OpenGL What makes OpenGL right handed?

This topic is 2840 days old which is more than the 365 day threshold we allow for new replies. Please post a new topic.

If you intended to correct an error in the post then please contact us.

Recommended Posts

Quote:
:(
Hehe :)

The image at the top of that page shows the view frustum in view space. The coordinate system as shown is right-handed, but that's just by convention; you could just as easily set it up to be left-handed (e.g. by building your own projection matrix and uploading it via glLoadMatrix(), or by performing the transform yourself in a shader).

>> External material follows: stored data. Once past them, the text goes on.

(* Let $\pi$ be a probability density on a state space $\Omega$. Let $\{P(\cdot,\cdot;\zeta)\}$ be a family of Markov transition densities indexed by a stochastic sample $\zeta$, where $\zeta$ is drawn from a known fixed distribution, and fix $T\ge1$. Consider the chain that, from state $x$, sets $x_0=x$, and for $t=0,\dots,T-1$ samples $\zeta_t$ independently from that distribution and then $x_{t+1}\sim P(x_t,\cdot\,;\zeta_t)$; it sets $y=x_T$, computes $\tau=\min\left(1,\ \frac{\pi(y)}{\pi(x)}\prod_{t=0}^{T-1}\frac{P(x_{t+1},x_t;\zeta_t)}{P(x_t,x_{t+1};\zeta_t)}\right),$ and moves to $y$ with probability $\tau$, otherwise stays at $x$. Then this chain is reversible with respect to $\pi$, i.e. $\pi(x)G(x,y)=\pi(y)G(y,x)$ for its transition kernel $G$, and in particular has stationary distribution $\pi$. *)

theory Defs
  imports "HOL-Probability.Probability"
begin

text \<open>State space: a measure space M (reference measure, densities are w.r.t. M).
  Noise space: a probability measure D (law of zeta).
  A path of the inner chain started at x is x_0 = x, x_1, ..., x_T, stored as
  the initial point x together with a function xs on {1..T}.\<close>

definition mc_path :: "'a \<Rightarrow> (nat \<Rightarrow> 'a) \<Rightarrow> nat \<Rightarrow> 'a" where
  "mc_path x xs t = (if t = 0 then x else xs t)"

definition path_weight ::
  "('a \<Rightarrow> 'a \<Rightarrow> 'z \<Rightarrow> real) \<Rightarrow> nat \<Rightarrow> 'a \<Rightarrow> (nat \<Rightarrow> 'a) \<Rightarrow> (nat \<Rightarrow> 'z) \<Rightarrow> real" where
  "path_weight P T x xs zs =
     (\<Prod>t<T. P (mc_path x xs t) (mc_path x xs (Suc t)) (zs t))"

text \<open>Acceptance probability tau (with Isabelle's convention a / 0 = 0).\<close>
definition accept_prob ::
  "('a \<Rightarrow> real) \<Rightarrow> ('a \<Rightarrow> 'a \<Rightarrow> 'z \<Rightarrow> real) \<Rightarrow> nat \<Rightarrow> 'a \<Rightarrow> (nat \<Rightarrow> 'a) \<Rightarrow> (nat \<Rightarrow> 'z) \<Rightarrow> real" where
  "accept_prob \<pi> P T x xs zs =
     min 1 (\<pi> (xs T) / \<pi> x *
       (\<Prod>t<T. P (mc_path x xs (Suc t)) (mc_path x xs t) (zs t)
               / P (mc_path x xs t) (mc_path x xs (Suc t)) (zs t)))"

After the division by w, the geometry is in normalized device coordinates, which are described here. Note that it says that the 'near clip plane will map to -1' and 'the far clip plane will map to 1'. In other words, normalized device coordinates are left-handed in OpenGL.

See also here, in the section titled 'The Projection Transform and Perspective Division'. The second diagram in that section shows the canonical view volume. Note the arrangement of the axes (left-handed). It also states that NDC are left-handed in the next paragraph.

As for clip space, unless I'm missing something very obvious, it is also left-handed. z values are clipped to the range -w (near) to w (far), which after division by w is transformed to the range [-1, 1].

So in short, I don't see anything there that indicates that clip space is right-handed in OpenGL.

Share this post


Link to post
Share on other sites
Quote:
Original post by jyk
So in short, I don't see anything there that indicates that clip space is right-handed in OpenGL.


Here's a test for you jyk - try running your right handed OpenGL/Direct3D engine through PIX and see what your post vertex shader values are. I'm willing to bet that they are represented in this space by a left handed system. If we could somehow use PIX with OpenGL, then I would guess they would be represented by a right handed system. It's precisely this space that I'm *guessing* makes DirectX/OpenGL left/right handed.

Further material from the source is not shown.